Went out this morning to one of my spots. I didn't even make it into the woods when I heard them start hammerin away. He gobbled constantly from 
6:50 til 7:15. I heard some hens on the other side of the hill, he flew down and that was that. I drove around later and saw a hen in a field and Mr. Tom was in full strut with her. Only 1 month to wait


----------



## LoneWolfNoPack (Mar 26, 2012)

Been trying to keep my window open every morning, but so far have only heard one gobbler. Usually this time of year we have at least 2 or 3 gobbling behind the house consistently before season opens. Bad hatch last year and heavy hunting pressure from the neighbors may have got to them.


----------



## Header (Apr 14, 2004)

Last night 3/25, around 6:30pm in the neighbor's front yard just off the road, the family was standing in the driveway approx 80yds straight from 6 toms & 3 hens, the boys would not stop. Any sound the grandson made they hammered.
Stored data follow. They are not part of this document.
lemma drop_riffle: "drop t (riffle m x y) = riffle (drop t m) (drop (count_true (take t m)) x) (drop (t - count_true (take t m)) y)"
proof (induct m x y arbitrary: t rule: riffle.induct)
  case (1 x y) then show ?case by simp
next
  case (2 m x y) then show ?case by (cases t) (auto simp: drop_Suc)
next
  case (3 m x y)
  show ?case
  proof (cases t)
    case 0 then show ?thesis by simp
  next
    case (Suc t')
    have "count_true (take t' m) \<le> t'" using count_true_le[of "take t' m"] by simp
    then have "Suc t' - count_true (take t' m) = Suc (t' - count_true (take t' m))" by simp
    then show ?thesis using Suc 3 by (simp add: drop_Suc)
  qed
qed

lemma riffle_take: "riffle m x y = riffle m (take (count_true m) x) (take (length m - count_true m) y)"
proof (induct m x y rule: riffle.induct)
  case (1 x y) then show ?case by simp
next
  case (2 m x y)
  then show ?case by (cases x) (auto simp: tl_take)
next
  case (3 m x y)
  have "count_true m \<le> length m" by (rule count_true_le)
  then have "Suc (length m) - count_true m = Suc (length m - count_true m)" by simp
  then show ?case using 3 by (cases y) (auto simp: tl_take)
qed

lemma take_drop_riffle_masks:
  assumes m: "m \<in> riffle_masks p q" and t: "t \<le> p + q"
  defines "i \<equiv> count_true (take t m)"
  shows "i \<le> p" and "t - i \<le> q" and "take t m \<in> riffle_masks i (t - i)"
    and "drop t m \<in> riffle_masks (p - i) (q - (t - i))"
proof -
  have lm: "length m = p + q" "count_true m = p" using m by (auto simp: riffle_masks_def)
  have split: "count_true m = i + count_true (drop t m)"
    unfolding i_def by (metis append_take_drop_id count_true_simps(4))
  have it: "i \<le> t" using count_true_le[of "take t m"] t lm by (simp add: i_def)
  have rest: "count_true (drop t m) \<le> p + q - t" using count_true_le[of "drop t m"] lm by simp
  show ip: "i \<le> p" using split lm by linarith
  show tq: "t - i \<le> q" using split lm rest t by linarith
  show "take t m \<in> riffle_masks i (t - i)" using it t lm by (simp add: riffle_masks_def i_def)
  have "count_true (drop t m) = p - i" using split lm by simp
  moreover have "length (drop t m) = (p - i) + (q - (t - i))" using lm ip tq it t by simp
  ultimately show "drop t m \<in> riffle_masks (p - i) (q - (t - i))" by (simp add: riffle_masks_def)
qed

lemma sum_riffle_masks_split:
  fixes F :: "bool list \<Rightarrow> bool list \<Rightarrow> real"
  shows "(\<Sum>m\<in>riffle_masks p q. \<Sum>t\<le>p + q. F (take t m) (drop t m))
       = (\<Sum>i\<le>p. \<Sum>j\<le>q. \<Sum>m1\<in>riffle_masks i j. \<Sum>m2\<in>riffle_masks (p - i) (q - j). F m1 m2)"
proof -
  have "(\<Sum>(m,t)\<in>Sigma (riffle_masks p q) (\<lambda>_. {..p+q}). F (take t m) (drop t m))
      = (\<Sum>((i,j),(m1,m2))\<in>Sigma ({..p} \<times> {..q}) (\<lambda>(i,j). riffle_masks i j \<times> riffle_masks (p - i) (q - j)). F m1 m2)"
  proof (rule sum.reindex_bij_witness[where i = "\<lambda>((i,j),(m1,m2)). (m1 @ m2, length m1)"
        and j = "\<lambda>(m,t). ((count_true (take t m), t - count_true (take t m)), (take t m, drop t m))"], goal_cases)
    case (1 a)
    then obtain m t where "a = (m, t)" "m \<in> riffle_masks p q" "t \<le> p + q" by auto
    then show ?case by (simp add: riffle_masks_def)
  next
    case (2 a)
    then obtain m t where "a = (m, t)" "m \<in> riffle_masks p q" "t \<le> p + q" by auto
    then show ?case using take_drop_riffle_masks[of m p q t] by simp
  next
    case (3 b)
    then obtain i j m1 m2 where "b = ((i,j),(m1,m2))" "m1 \<in> riffle_masks i j" by auto
    then show ?case by (auto simp: riffle_masks_def)
  next
    case (4 b)
    then obtain i j m1 m2 where "b = ((i,j),(m1,m2))" "i \<le> p" "j \<le> q" "m1 \<in> riffle_masks i j"
      "m2 \<in> riffle_masks (p - i) (q - j)" by auto
    then show ?case by (auto simp: riffle_masks_def)
  qed auto
  moreover have "(\<Sum>m\<in>riffle_masks p q. \<Sum>t\<le>p + q. F (take t m) (drop t m))
      = (\<Sum>(m,t)\<in>Sigma (riffle_masks p q) (\<lambda>_. {..p+q}). F (take t m) (drop t m))"
    by (rule sum.Sigma) auto
  moreover have "(\<Sum>((i,j),(m1,m2))\<in>Sigma ({..p} \<times> {..q}) (\<lambda>(i,j). riffle_masks i j \<times> riffle_masks (p - i) (q - j)). F m1 m2)
      = (\<Sum>ij\<in>{..p} \<times> {..q}. \<Sum>mm\<in>riffle_masks (fst ij) (snd ij) \<times> riffle_masks (p - fst ij) (q - snd ij). F (fst mm) (snd mm))"
    by (subst sum.Sigma) (auto simp: split_def)
  moreover have "\<dots> = (\<Sum>i\<le>p. \<Sum>j\<le>q. \<Sum>m1\<in>riffle_masks i j. \<Sum>m2\<in>riffle_masks (p - i) (q - j). F m1 m2)"
    by (subst sum.Sigma) (auto simp: split_def sum.cartesian_product intro!: sum.cong)
  ultimately show ?thesis by simp
qed

lemma tmul_apply_riffle:
  assumes "length m \<le> k"
  shows "tmul k a b (riffle m x y) = (\<Sum>t\<le>length m. a (riffle (take t m) x y) *
    b (riffle (drop t m) (drop (count_true (take t m)) x)
      (drop (length (take t m) - count_true (take t m)) y)))"
  using assms by (auto simp: tmul_apply take_riffle drop_riffle min_def intro!: sum.cong)

lemma shuffle_coeff_tmul:
  assumes xy: "length x + length y \<le> k"
  shows "shuffle_coeff (tmul k a b) x y = (\<Sum>i\<le>length x. \<Sum>j\<le>length y.
            shuffle_coeff a (take i x) (take j y) * shuffle_coeff b (drop i x) (drop j y))"
proof -
  define p where "p = length x"
  define q where "q = length y"
  define F where "F m1 m2 = a (riffle m1 x y) *
      b (riffle m2 (drop (count_true m1) x) (drop (length m1 - count_true m1) y))" for m1 m2
  have "shuffle_coeff (tmul k a b) x y = (\<Sum>m\<in>riffle_masks p q. \<Sum>t\<le>p + q. F (take t m) (drop t m))"
    unfolding shuffle_coeff_def p_def[symmetric] q_def[symmetric]
    using xy by (intro sum.cong[OF refl]) (simp add: tmul_apply_riffle riffle_masks_def F_def p_def q_def)
  also have "\<dots> = (\<Sum>i\<le>p. \<Sum>j\<le>q. \<Sum>m1\<in>riffle_masks i j. \<Sum>m2\<in>riffle_masks (p - i) (q - j). F m1 m2)"
    by (rule sum_riffle_masks_split)
  also have "\<dots> = (\<Sum>i\<le>p. \<Sum>j\<le>q. \<Sum>m1\<in>riffle_masks i j. \<Sum>m2\<in>riffle_masks (p - i) (q - j).
      a (riffle m1 (take i x) (take j y)) * b (riffle m2 (drop i x) (drop j y)))"
  proof (intro sum.cong[OF refl])
    fix i j m1 m2 assume "m1 \<in> riffle_masks i j"
    moreover from this have "riffle m1 x y = riffle m1 (take i x) (take j y)"
      by (subst riffle_take) (simp add: riffle_masks_def)
    ultimately show "F m1 m2 = a (riffle m1 (take i x) (take j y)) * b (riffle m2 (drop i x) (drop j y))"
      by (simp add: F_def riffle_masks_def)
  qed
  also have "\<dots> = (\<Sum>i\<le>p. \<Sum>j\<le>q. shuffle_coeff a (take i x) (take j y) * shuffle_coeff b (drop i x) (drop j y))"
    by (intro sum.cong[OF refl]) (simp add: shuffle_coeff_def p_def q_def sum_product)
  finally show ?thesis by (simp add: p_def q_def)
qed

lemma riffle_masks_0_left: "riffle_masks 0 q = {replicate q False}"
proof -
  have "m \<in> riffle_masks 0 q \<longleftrightarrow> m = replicate q False" for m
  proof
    assume "m \<in> riffle_masks 0 q"
    then have "length m = q" "filter id m = []" by (auto simp: riffle_masks_def count_true_def)
    then show "m = replicate q False"
      by (intro replicate_eqI) (auto simp: filter_empty_conv)
  qed (simp add: riffle_masks_def count_true_def)
  then show ?thesis by auto
qed

lemma riffle_masks_0_right: "riffle_masks p 0 = {replicate p True}"
proof -
  have "m \<in> riffle_masks p 0 \<longleftrightarrow> m = replicate p True" for m
  proof
    assume "m \<in> riffle_masks p 0"
    then have "length m = p" "length (filter id m) = length m" by (auto simp: riffle_masks_def count_true_def)
    then show "m = replicate p True"
    proof (intro replicate_eqI)
      fix b assume "length (filter id m) = length m" "b \<in> set m"
      then show "b = True" using length_filter_less[of b m id] by auto
    qed simp
  qed (simp add: riffle_masks_def count_true_def)
  then show ?thesis by auto
qed

lemma riffle_replicate_False: "length y = q \<Longrightarrow> riffle (replicate q False) x y = y"
  by (induct q arbitrary: y) (auto simp: length_Suc_conv)

lemma riffle_replicate_True: "length x = p \<Longrightarrow> riffle (replicate p True) x y = x"
  by (induct p arbitrary: x) (auto simp: length_Suc_conv)

lemma shuffle_coeff_Nil_left[simp]: "shuffle_coeff z [] y = z y"
  by (simp add: shuffle_coeff_def riffle_masks_0_left riffle_replicate_False)

lemma shuffle_coeff_Nil_right[simp]: "shuffle_coeff z x [] = z x"
  by (simp add: shuffle_coeff_def riffle_masks_0_right riffle_replicate_True)

lemma shuffle_coeff_zero[simp]: "shuffle_coeff (\<lambda>w. 0) x y = 0"
  by (simp add: shuffle_coeff_def)

lemma shuffle_coeff_add: "shuffle_coeff (\<lambda>w. a w + b w) x y = shuffle_coeff a x y + shuffle_coeff b x y"
  by (simp add: shuffle_coeff_def sum.distrib)

lemma shuffle_coeff_diff: "shuffle_coeff (\<lambda>w. a w - b w) x y = shuffle_coeff a x y - shuffle_coeff b x y"
  by (simp add: shuffle_coeff_def sum_subtractf)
I told him to be quiet and I purred/clucked they hit on me as well, just would not stop. If they warm temps stay back I think we'll be alright for the season. But if the temps were like last week, I believe it will be hard to find the toms and call them in.


----------



## Bowhunter57 (Feb 9, 2011)

I haven't hunted turkeys in a few years, but might give it a try this year. I've been hearing them in the mornings, behind my house. It's starting to get to me. 

I wanna get one with a bow, so I'm going to need to purchase some wide cutting diameter mechanicals, for a quick kill.  I love mechanicals for large birds.

Bowhunter57


----------